Spatial control of fluorescence:
Since we are able to control the fluorescent properties of these materials through a wide range of parameters, we are able to design materials where the light emitted can be tuned locally. A simple method we employed is by changing the polymerisation conditions. By photopolymerising one region for longer amounts of time, we are able to control the colour, which allows us to create patterns by placing masks to control the local polymerisation kinetics. Moreover, by incorporating this material system into a multimaterial 3D printing setup, we can create a patterned material in which the local crosslinker content is varied. This result is exhibited in the attached image: under visible light, the material appears to be homogeneous, but under UV light, a clear difference in fluorescence can be observed between different regions. As 3D printing allows the 'stacking' of multiple layers, each layer does not have to have the same fluorescent pattern, which potentially allow us to create complex optical systems.
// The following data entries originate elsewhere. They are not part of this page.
text \<open>The two ways of cutting a block \<open>{0..5}\<close> into four intervals (given by their endpoints)
  on each of which the pattern has squared sum equal to its sum of squares.\<close>

definition block_cuts :: "bool \<Rightarrow> (nat \<times> nat) list" where
  "block_cuts b = (if b then [(0, 0), (1, 1), (2, 2), (3, 5)] else [(0, 2), (3, 3), (4, 4), (5, 5)])"

definition split_family :: "nat set \<Rightarrow> nat \<Rightarrow> nat set" where
  "split_family S i = (if i = 0 then {} else
     (let k = (i - 1) div 4; c = block_cuts (k \<in> S) ! ((i - 1) mod 4)
      in {k * 6 + fst c..k * 6 + snd c}))"

lemma block_cuts_bounds:
  "l < 4 \<Longrightarrow> fst (block_cuts b ! l) \<le> snd (block_cuts b ! l) \<and> snd (block_cuts b ! l) < 6"
  by (auto simp: block_cuts_def less_Suc_eq eval_nat_numeral)

lemma block_cuts_adjacent: "l < 3 \<Longrightarrow> snd (block_cuts b ! l) < fst (block_cuts b ! Suc l)"
  by (auto simp: block_cuts_def less_Suc_eq eval_nat_numeral)

lemma block_cuts_energy:
  "(\<Sum>l<4. (\<Sum>n\<in>{fst (block_cuts b ! l)..snd (block_cuts b ! l)}. pattern n)\<^sup>2) = 18"
  by (cases b) (simp_all add: block_cuts_def pattern_def eval_nat_numeral atLeastAtMostSuc_conv)

lemma split_family_Suc:
  assumes "l < 4"
  shows "split_family S (Suc (k * 4 + l))
    = {k * 6 + fst (block_cuts (k \<in> S) ! l)..k * 6 + snd (block_cuts (k \<in> S) ! l)}"
  using assms by (simp add: split_family_def Let_def)

lemma is_interval_split_family: "is_interval_nat (split_family S (Suc m))"
  using block_cuts_bounds[of "m mod 4" "m div 4 \<in> S"]
  by (simp add: split_family_def Let_def is_interval_nat_atLeastAtMost)
lemma block_walk_Phi_step:
  assumes pb: "pair_blocks \<pi>" and U: "U \<in> \<pi>" and first: "\<forall>V\<in>\<pi>. Max U \<le> Max V"
    and hom: "graph_hom L E \<pi> \<phi>" and walk: "block_walk L E (\<pi> - {U}) \<phi> u"
  shows "block_walk L E \<pi> \<phi> (Phi_step (\<Union>(\<pi> - {U})) (Min U) (Max U) (\<phi> U) u)"
proof -
  define S s r i where "S = \<Union>(\<pi> - {U})" and "s = Min U" and "r = Max U" and "i = \<phi> U"
  define W where "W = Phi_step S s r i u"
  have sr: "s < r" using pair_blocks_block(2)[OF pb U] unfolding s_def r_def .
  note T = pair_blocks_Union_Diff[OF pb U, folded S_def s_def r_def]
  have u_walk: "\<forall>k\<in>S. is_word L (u k)"
    "\<And>V. V \<in> \<pi> - {U} \<Longrightarrow> trace_eq E (u (Min V)) (\<phi> V # prev_val S u (Min V))"
    "\<And>V. V \<in> \<pi> - {U} \<Longrightarrow> trace_eq E (prev_val S u (Max V)) (\<phi> V # u (Max V))"
    "\<And>k. \<forall>j\<in>S. j < k \<Longrightarrow> trace_eq E (prev_val S u k) []"
    using walk unfolding block_walk_def S_def by blast+
  have words: "\<forall>k\<in>\<Union>\<pi>. is_word L (W k)"
    using hom U is_word_Phi_step[OF sr T(2,3) _ u_walk(1)] unfolding T(1) W_def i_def graph_hom_def
    by blast
  have steps: "trace_eq E (W (Min V)) (\<phi> V # prev_val (\<Union>\<pi>) W (Min V)) \<and>
      trace_eq E (prev_val (\<Union>\<pi>) W (Max V)) (\<phi> V # W (Max V))" if V: "V \<in> \<pi>" for V
  proof (cases "V = U")
    case True
    then show ?thesis
      using Phi_step_new_block[OF sr T(2,3)] unfolding T(1) W_def s_def r_def i_def
      by (simp add: trace_eq_def)
  next
    case False
    then have V': "V \<in> \<pi> - {U}" using V by blast
    then have in_S: "Min V \<in> S" "Max V \<in> S"
      using pair_blocks_Min_in[OF pb] pair_blocks_Max_in[OF pb] unfolding S_def by blast+
    have "r < Max V" using first V in_S(2) T(3) unfolding r_def by (metis order_le_neq_trans)
    then have "E i (\<phi> V)" if "s < Min V \<and> Min V < r"
      using that hom U V unfolding graph_hom_def crosses_def s_def r_def i_def by blast
    then show ?thesis
      using Phi_step_opener[OF sr T(2,3) in_S(1) _ u_walk(2)[OF V']]
        Phi_step_closer[OF sr T(2,3) in_S(2) \<open>r < Max V\<close> u_walk(3)[OF V']]
      unfolding T(1) W_def by blast
  qed
  have return: "trace_eq E (prev_val (\<Union>\<pi>) W k) []" if "\<forall>j\<in>\<Union>\<pi>. j < k" for k
  proof -
    have "r < k" "\<forall>j\<in>S. j < k" using that unfolding T(1) by auto
    then show ?thesis
      using u_walk(4)[of k] unfolding T(1) W_def by (simp add: prev_val_Phi_step[OF sr T(2,3)])
  qed
  show ?thesis
    unfolding block_walk_def W_def[symmetric] S_def[symmetric] s_def[symmetric] r_def[symmetric]
      i_def[symmetric]
    using words steps return by blast
qed

lemma Phi_Suc_Suc_eq:
  assumes "pair_blocks \<pi>" "U \<in> \<pi>" "Max U = Min (Max ` \<pi>)"
  shows "Phi (Suc (Suc n)) \<pi> \<phi> =
    Phi_step (\<Union>(\<pi> - {U})) (Min U) (Max U) (\<phi> U) (Phi (Suc n) (\<pi> - {U}) \<phi>)"
  by (simp only: Phi.simps Let_def Phi_step_def assms(3)[symmetric]
      pair_blocks_the_Max[OF assms(1,2)])

lemma graph_hom_subset: "graph_hom L E \<pi> \<phi> \<Longrightarrow> \<sigma> \<subseteq> \<pi> \<Longrightarrow> graph_hom L E \<sigma> \<phi>"
  unfolding graph_hom_def by blast

lemma block_walk_Phi:
  assumes "pair_blocks \<pi>" "card \<pi> = Suc n" "graph_hom L E \<pi> \<phi>"
  shows "block_walk L E \<pi> \<phi> (Phi (Suc n) \<pi> \<phi>)"
  using assms
proof (induction n arbitrary: \<pi>)
  case 0
  then obtain U where "\<pi> = {U}" by (auto simp: card_Suc_eq)
  then show ?case using 0 block_walk_singleton unfolding graph_hom_def by blast
next
  case (Suc n)
  have "Min (Max ` \<pi>) \<in> Max ` \<pi>"
    using Suc.prems(1,2) unfolding pair_blocks_def by (intro Min_in) auto
  then obtain U where U: "U \<in> \<pi>" "Max U = Min (Max ` \<pi>)" by auto
  have first: "\<forall>V\<in>\<pi>. Max U \<le> Max V"
    using Suc.prems(1) U(2) unfolding pair_blocks_def by simp
  have "block_walk L E (\<pi> - {U}) \<phi> (Phi (Suc n) (\<pi> - {U}) \<phi>)"
    using Suc.prems U(1) pair_blocks_Diff graph_hom_subset
    by (intro Suc.IH) (auto simp: pair_blocks_def)
  then show ?case
    unfolding Phi_Suc_Suc_eq[OF Suc.prems(1) U]
    by (rule block_walk_Phi_step[OF Suc.prems(1) U(1) first Suc.prems(3)])
qed

lemma pair_partition_pair_blocks:
  assumes "pair_partition p \<pi>"
  shows "pair_blocks \<pi>" "card \<pi> = p"
proof -
  have blocks: "\<Union>\<pi> = {1..2*p}" "\<forall>U\<in>\<pi>. card U = 2" "pairwise disjnt \<pi>"
    using assms unfolding pair_partition_def pairwise_def disjnt_def by auto
  have fin_blocks: "finite U" if "U \<in> \<pi>" for U
    using blocks(2) that card.infinite by fastforce
  have "finite \<pi>" by (rule finite_UnionD) (simp add: blocks(1))
  then show "pair_blocks \<pi>" using blocks unfolding pair_blocks_def by blast
  have "2 * p = card (\<Union>\<pi>)" using blocks(1) by simp
  also have "\<dots> = (\<Sum>U\<in>\<pi>. card U)" using blocks(3) fin_blocks by (rule card_Union_disjoint)
  also have "\<dots> = 2 * card \<pi>" using blocks(2) by simp
  finally show "card \<pi> = p" by simp
qed

lemma block_walk_trace_adj:
  assumes "block_walk L E \<pi> \<phi> w" "pair_blocks \<pi>" "\<forall>V\<in>\<pi>. \<phi> V \<in> {1..L}" "k \<in> \<Union>\<pi>"
  shows "trace_adj L E (prev_val (\<Union>\<pi>) w k) (w k)"
proof -
  obtain V where V: "V \<in> \<pi>" "k \<in> V" using assms(4) by blast
  then have "k = Min V \<or> k = Max V" using pair_blocks_block(1)[OF assms(2)] by blast
  then show ?thesis
    using assms(1,3) V(1) unfolding block_walk_def trace_adj_def by blast
qed
definition weyl_chambers :: "'a::euclidean_space set \<Rightarrow> 'a set \<Rightarrow> 'a set set" where
  "weyl_chambers R W =
     {connected_component_set (regular_set R W) x | x. x \<in> regular_set R W}"

definition positive_roots :: "'a::euclidean_space set \<Rightarrow> 'a set \<Rightarrow> 'a set" where
  "positive_roots R C = {\<alpha>\<in>R. \<forall>x\<in>C. 0 < \<alpha> \<bullet> x}"

definition simple_roots :: "'a::euclidean_space set \<Rightarrow> 'a set \<Rightarrow> 'a set" where
  "simple_roots R C = {\<alpha>\<in>positive_roots R C.
      \<not> (\<exists>\<beta>\<in>positive_roots R C. \<exists>\<gamma>\<in>positive_roots R C. \<alpha> = \<beta> + \<gamma>)}"

definition S_chamber :: "'a::euclidean_space set \<Rightarrow> ('a \<Rightarrow> 'a) \<Rightarrow> 'a set \<Rightarrow> bool" where
  "S_chamber \<Phi> s C \<longleftrightarrow> C \<in> weyl_chambers \<Phi> UNIV \<and>
     s ` (positive_roots \<Phi> C \<inter> Phi_star s \<Phi>) \<subseteq> positive_roots \<Phi> C"

end

theory Submission
  imports Defs
begin
lemma grid_comb_hub:
  assumes "s \<ge> 2" and alternating: "\<And>b. P (Suc b) \<longleftrightarrow> \<not> P b"
  shows "hub_for (grid_V s) grid_E (grid_comb s P) ({1..s-1} \<times> {b \<in> {1..s}. \<not> P b})"
  unfolding hub_for_def
proof (intro conjI ballI)
  have "(s, s) \<in> grid_comb s P" using assms by (auto simp: grid_comb_def grid_V_def)
  then show "grid_comb s P \<noteq> {}" by blast
  show "induces_connected grid_E (grid_comb s P)" by (rule grid_comb_connected)
  fix v assume "v \<in> {1..s-1} \<times> {b \<in> {1..s}. \<not> P b}"
  then obtain a b where v: "v = (a, b)" "1 \<le> a" "a < s" "1 \<le> b" "b \<le> s" "\<not> P b" by force
  show "\<exists>h\<in>grid_comb s P. grid_E v h"
  proof (cases "b < s")
    case True
    then have "(a, b + 1) \<in> grid_comb s P" using v alternating by (auto simp: grid_comb_def grid_V_def)
    then show ?thesis using v by (intro bexI[of _ "(a, b + 1)"]) (auto simp: grid_E_def)
  next
    case False
    then have "P (b - 1)" using v alternating[of "b - 1"] by (simp add: Suc_diff_1)
    then have "(a, b - 1) \<in> grid_comb s P" using v assms(1) False by (auto simp: grid_comb_def grid_V_def)
    then show ?thesis using v assms(1) False by (intro bexI[of _ "(a, b - 1)"]) (auto simp: grid_E_def)
  qed
qed (auto simp: grid_comb_def grid_V_def)

lemma grid_top_rows_hub:
  assumes "s \<ge> 2"
  shows "hub_for (grid_V s) grid_E ({1..s-1} \<times> {1..s}) ({s} \<times> {1..s})"
  unfolding hub_for_def
proof (intro conjI ballI)
  show "induces_connected grid_E ({1..s-1} \<times> {1..s})" by (rule grid_rect_connected)
  fix v assume "v \<in> {s} \<times> {1..s}"
  then have "(s - 1, snd v) \<in> {1..s-1} \<times> {1..s}" "grid_E v (s - 1, snd v)"
    using assms by (auto simp: grid_E_def)
  then show "\<exists>h\<in>{1..s-1} \<times> {1..s}. grid_E v h" by blast
qed (use assms in \<open>auto simp: grid_V_def\<close>)

lemma card_odd_atLeastAtMost: "card {b \<in> {1..2 * h}. odd b} = (h::nat)"
proof (induction h)
  case (Suc h)
  have "{b \<in> {1..2 * Suc h}. odd b} = insert (2 * h + 1) {b \<in> {1..2 * h}. odd b}"
    by (auto simp: le_Suc_eq)
  then show ?case using Suc by simp
qed simp

lemma card_even_atLeastAtMost: "card {b \<in> {1..2 * h}. even b} = (h::nat)"
proof (induction h)
  case (Suc h)
  have "{b \<in> {1..2 * Suc h}. even b} = insert (2 * h + 2) {b \<in> {1..2 * h}. even b}"
    by (auto simp: le_Suc_eq)
  then show ?case using Suc by simp
qed simp
lemma sum_card_mem_times_card_nonmem:
  assumes "finite U" "finite C" "\<And>S T. S \<in> C \<Longrightarrow> T \<in> C \<Longrightarrow> S - T \<subseteq> U"
  shows "(\<Sum>a\<in>U. card {S \<in> C. a \<in> S} * card {T \<in> C. a \<notin> T}) = (\<Sum>S\<in>C. \<Sum>T\<in>C. card (S - T))"
proof -
  have "card {S \<in> C. a \<in> S} * card {T \<in> C. a \<notin> T}
      = (\<Sum>S\<in>C. \<Sum>T\<in>C. of_bool (a \<in> S - T))" for a
  proof -
    have "card {S \<in> C. Q S} = (\<Sum>S\<in>C. of_bool (Q S))" for Q
      using assms(2) by (simp add: Int_def)
    then show ?thesis by (simp add: sum_product of_bool_conj)
  qed
  then have "(\<Sum>a\<in>U. card {S \<in> C. a \<in> S} * card {T \<in> C. a \<notin> T})
      = (\<Sum>a\<in>U. \<Sum>S\<in>C. \<Sum>T\<in>C. of_bool (a \<in> S - T))"
    by simp
  also have "\<dots> = (\<Sum>S\<in>C. \<Sum>T\<in>C. \<Sum>a\<in>U. of_bool (a \<in> S - T))"
    by (subst sum.swap) (intro sum.cong refl sum.swap)
  also have "\<dots> = (\<Sum>S\<in>C. \<Sum>T\<in>C. card (S - T))"
  proof (intro sum.cong refl)
    fix S T assume "S \<in> C" "T \<in> C"
    then have "U \<inter> {a. a \<in> S - T} = S - T" using assms(3) by blast
    then show "(\<Sum>a\<in>U. of_bool (a \<in> S - T)) = card (S - T)" using assms(1) by simp
  qed
  finally show ?thesis .
qed

text \<open>Double counting the ordered pairs of members split by a coordinate a \<in> U: they number
  at least m (m - 1) \<delta> / 2, and u v \<le> m min u v for the sizes u, v of the two sides of the split.\<close>

theorem separated_family_card_le:
  assumes "finite U" "finite C"
    and sub: "\<And>S T. S \<in> C \<Longrightarrow> T \<in> C \<Longrightarrow> S - T \<subseteq> U"
    and sep: "\<And>S T. S \<in> C \<Longrightarrow> T \<in> C \<Longrightarrow> S \<noteq> T \<Longrightarrow> \<delta> \<le> card (symdiff S T)"
  shows "\<delta> * (card C - 1) \<le> 2 * (\<Sum>a\<in>U. min (card {S \<in> C. a \<notin> S}) (card {S \<in> C. a \<in> S}))"
proof -
  define m where "m = card C"
  have split: "card {S \<in> C. a \<in> S} + card {S \<in> C. a \<notin> S} = m" for a
  proof -
    have "{S \<in> C. a \<in> S} \<union> {S \<in> C. a \<notin> S} = C" "{S \<in> C. a \<in> S} \<inter> {S \<in> C. a \<notin> S} = {}"
      by auto
    then show ?thesis unfolding m_def using assms(2) by (metis card_Un_disjoint finite_Un)
  qed
  have row: "(m - 1) * \<delta> \<le> (\<Sum>T\<in>C. card (symdiff S T))" if "S \<in> C" for S
  proof -
    have "(m - 1) * \<delta> = (\<Sum>T\<in>C - {S}. \<delta>)"
      unfolding m_def using that assms(2) by simp
    also have "\<dots> \<le> (\<Sum>T\<in>C - {S}. card (symdiff S T))"
      using sep that by (intro sum_mono) auto
    also have "\<dots> \<le> (\<Sum>T\<in>C. card (symdiff S T))"
      using assms(2) by (intro sum_mono2) auto
    finally show ?thesis .
  qed
  have "m * ((m - 1) * \<delta>) \<le> (\<Sum>S\<in>C. \<Sum>T\<in>C. card (symdiff S T))"
    using sum_mono[OF row] unfolding m_def by simp
  also have "\<dots> = (\<Sum>S\<in>C. \<Sum>T\<in>C. card (S - T) + card (T - S))"
    using sub finite_subset[OF sub assms(1)] by (intro sum.cong refl card_symdiff)
  also have "\<dots> = 2 * (\<Sum>S\<in>C. \<Sum>T\<in>C. card (S - T))"
    using sum.swap[of "\<lambda>S T. card (T - S)" C C] by (simp add: sum.distrib)
  also have "\<dots> = 2 * (\<Sum>a\<in>U. card {S \<in> C. a \<in> S} * card {S \<in> C. a \<notin> S})"
    by (simp add: sum_card_mem_times_card_nonmem[OF assms(1,2) sub])
  also have "\<dots> \<le> 2 * (\<Sum>a\<in>U. m * min (card {S \<in> C. a \<notin> S}) (card {S \<in> C. a \<in> S}))"
  proof (intro mult_left_mono sum_mono)
    fix a
    show "card {S \<in> C. a \<in> S} * card {S \<in> C. a \<notin> S} \<le> m * min (card {S \<in> C. a \<notin> S}) (card {S \<in> C. a \<in> S})"
      using mult_le_add_mult_min[of "card {S \<in> C. a \<in> S}" "card {S \<in> C. a \<notin> S}"] split[of a]
      by (simp add: min.commute)
  qed simp
  also have "\<dots> = m * (2 * (\<Sum>a\<in>U. min (card {S \<in> C. a \<notin> S}) (card {S \<in> C. a \<in> S})))"
    by (simp add: sum_distrib_left mult.left_commute)
  finally have "0 < m \<longrightarrow> (m - 1) * \<delta> \<le> 2 * (\<Sum>a\<in>U. min (card {S \<in> C. a \<notin> S}) (card {S \<in> C. a \<in> S}))"
    by (simp only: mult_le_cancel1)
  then show ?thesis
    unfolding m_def[symmetric] by (cases "m = 0") (simp_all add: mult.commute)
qed

lemma trace_mult_insert:
  assumes "R \<subseteq> A" "a \<notin> A"
  shows "trace_mult P (insert a A) R = card {S \<in> {S \<in> P. S \<inter> A = R}. a \<notin> S}"
    and "trace_mult P (insert a A) (insert a R) = card {S \<in> {S \<in> P. S \<inter> A = R}. a \<in> S}"
proof -
  have "{S \<in> P. S \<inter> insert a A = R} = {S \<in> {S \<in> P. S \<inter> A = R}. a \<notin> S}"
    using assms by auto
  then show "trace_mult P (insert a A) R = card {S \<in> {S \<in> P. S \<inter> A = R}. a \<notin> S}"
    unfolding trace_mult_def by simp
  have "{S \<in> P. S \<inter> insert a A = insert a R} = {S \<in> {S \<in> P. S \<inter> A = R}. a \<in> S}"
    using assms by auto
  then show "trace_mult P (insert a A) (insert a R) = card {S \<in> {S \<in> P. S \<inter> A = R}. a \<in> S}"
    unfolding trace_mult_def by simp
qed

text \<open>The members of P with trace R on A are pairwise \<delta>-separated by coordinates outside A, and
  splitting them at a \<notin> A yields exactly the two ends of the edge above R of the cube on
  insert a A.\<close>

theorem card_minus_card_proj_le:
  assumes "finite X" "P \<subseteq> Pow X" "A \<subseteq> X"
    and sep: "\<And>S T. S \<in> P \<Longrightarrow> T \<in> P \<Longrightarrow> S \<noteq> T \<Longrightarrow> \<delta> \<le> card (symdiff S T)"
  shows "\<delta> * (card P - card (proj P A))
    \<le> 2 * (\<Sum>a\<in>X - A. edge_weight (trace_mult P (insert a A)) A a)"
proof -
  have fP: "finite P" and fA: "finite A"
    using assms(1-3) by (meson finite_Pow_iff finite_subset)+
  let ?C = "\<lambda>R. {S \<in> P. S \<inter> A = R}"
  have "\<delta> * (card P - card (proj P A)) = (\<Sum>R\<in>Pow A. \<delta> * (trace_mult P A R - 1))"
    unfolding sum_distrib_left[symmetric] sum_trace_mult_minus_one[OF fP fA] ..
  also have "\<dots> \<le> (\<Sum>R\<in>Pow A. 2 * (\<Sum>a\<in>X - A. min (card {S \<in> ?C R. a \<notin> S}) (card {S \<in> ?C R. a \<in> S})))"
  proof (intro sum_mono)
    fix R
    have "\<delta> * (card (?C R) - 1)
        \<le> 2 * (\<Sum>a\<in>X - A. min (card {S \<in> ?C R. a \<notin> S}) (card {S \<in> ?C R. a \<in> S}))"
    proof (rule separated_family_card_le)
      show "finite (X - A)" "finite (?C R)" using assms(1) fP by simp_all
      fix S T assume "S \<in> ?C R" "T \<in> ?C R"
      then show "S - T \<subseteq> X - A" using assms(2) by blast
      show "S \<noteq> T \<Longrightarrow> \<delta> \<le> card (symdiff S T)" using sep \<open>S \<in> ?C R\<close> \<open>T \<in> ?C R\<close> by blast
    qed
    then show "\<delta> * (trace_mult P A R - 1)
        \<le> 2 * (\<Sum>a\<in>X - A. min (card {S \<in> ?C R. a \<notin> S}) (card {S \<in> ?C R. a \<in> S}))"
      unfolding trace_mult_def .
  qed
  also have "\<dots> = 2 * (\<Sum>a\<in>X - A. \<Sum>R\<in>Pow A. min (card {S \<in> ?C R. a \<notin> S}) (card {S \<in> ?C R. a \<in> S}))"
    by (simp add: sum_distrib_left[symmetric] sum.swap[of _ "Pow A"])
  also have "\<dots> = 2 * (\<Sum>a\<in>X - A. edge_weight (trace_mult P (insert a A)) A a)"
    unfolding edge_weight_def by (intro arg_cong[where f = "(*) 2"] sum.cong refl) (simp add: trace_mult_insert)
  finally show ?thesis .
qed

lemma sum_subsets_card_pred_eq:
  fixes g :: "'a set \<Rightarrow> 'a \<Rightarrow> 'b::comm_monoid_add"
  assumes "finite X" "s \<ge> 1"
  shows "(\<Sum>A\<in>{A. A \<subseteq> X \<and> card A = s - 1}. \<Sum>a\<in>X - A. g A a)
       = (\<Sum>A\<in>{A. A \<subseteq> X \<and> card A = s}. \<Sum>a\<in>A. g (A - {a}) a)"
proof -
  let ?AA = "{A. A \<subseteq> X \<and> card A = s - 1}" and ?BB = "{A. A \<subseteq> X \<and> card A = s}"
  have fin: "finite A" if "A \<subseteq> X" for A using that assms(1) finite_subset by blast
  have fAA: "finite ?AA" and fBB: "finite ?BB" using assms(1) by auto
  have card_insert: "card (insert a A) = s" if "A \<subseteq> X" "card A = s - 1" "a \<notin> A" for A a
    using that assms(2) fin[of A] by simp
  have "(\<Sum>A\<in>?AA. \<Sum>a\<in>X - A. g A a) = (\<Sum>(A, a)\<in>Sigma ?AA (\<lambda>A. X - A). g A a)"
    by (rule sum.Sigma) (use fAA assms(1) in auto)
  also have "\<dots> = (\<Sum>(A, a)\<in>Sigma ?BB (\<lambda>A. A). g (A - {a}) a)"
    by (rule sum.reindex_bij_witness[where j = "\<lambda>(A, a). (insert a A, a)" and i = "\<lambda>(A, a). (A - {a}, a)"])
      (auto simp: card_insert)
  also have "\<dots> = (\<Sum>A\<in>?BB. \<Sum>a\<in>A. g (A - {a}) a)"
    by (rule sum.Sigma[symmetric]) (use fBB fin in auto)
  finally show ?thesis .
qed
(* Let $n \ge 1$ and let $\varphi : \mathbb{R} \to \mathbb{R}$ be a continuous activation function that can be uniformly approximated by one-to-one functions. If a function $g : \mathbb{R}^n \to \mathbb{R}$ is approximated by the family $\mathcal{N}_{\varphi, n}$, then $g$ is approximated by the family $\mathcal{N}^*_n$ of non-singular functions.
   Context: $\mathcal{N}_{\varphi,n}$ is the family of functions $\mathbb{R}^n \to \mathbb{R}$ defined by layered feed-forward networks with activation $\varphi$, input dimension $n$, output dimension 1, any finite number of hidden layers, each of width at most $n$; such a network with layer widths $n_0=n, n_1,\dots,n_{\kappa-1}, n_\kappa=1$ computes $\nu_\kappa\circ\ell_\kappa\circ\cdots\circ\nu_0\circ\ell_0$, where the $\ell_i$ are the affine maps given by the weights between consecutive layers and each $\nu_i$ applies the activation coordinatewise. The family $\mathcal{N}^*_n$ of non-singular functions is the union, over all continuous one-to-one activation functions $\psi:\mathbb{R}\to\mathbb{R}$, of the functions computed by such networks with activation $\psi$ in which every hidden layer has width exactly $n$, every weight matrix between two consecutive width-$n$ layers (including input to first hidden layer) is nonsingular, and the weight vector from the last hidden layer to the output is nonzero. An activation $\varphi$ is uniformly approximated by one-to-one functions if some sequence of continuous one-to-one functions converges uniformly on $\mathbb{R}$ to $\varphi$. A family $M$ approximates $g$ if for every compact $A\subset\mathbb{R}^n$ and $\epsilon>0$ there is $f\in M$ with $|f(x)-g(x)|<\epsilon$ for all $x\in A$. *)

theory Defs
  imports "HOL-Analysis.Analysis"
begin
This method towards materials with cluster-triggered emission represents a large advance in designing fluorescent materials with non-traditional materials. While in the past few years, different custom-synthesised polymers have been shown to exhibit this behaviour, tuning the fluorescence previously still required redesigning and then resynthesising polymers. Here, instead of controlling factors such as backbone rigidity or end-group assembly properties, our method relies simply on crosslinking density, which can be tuned facilely using a range of different handles. This allowed for a facile one-step process towards materials with tuneable luminescence. Moreover, this method should be generalisable to a range of similar monomers, which can greatly broaden the applicability and ease-of-preparation of these materials as responsive optical devices. Due to the easy tuneability of our system, we were able to interface it with a 3D printing system, which has allowed us to design materials with arbitrary shapes and locally-controlled fluorescence. This has not been previously achieved for fluorescent systems, further enabling the design of highly complex optical components with properties that vary both across and through the depth of a material.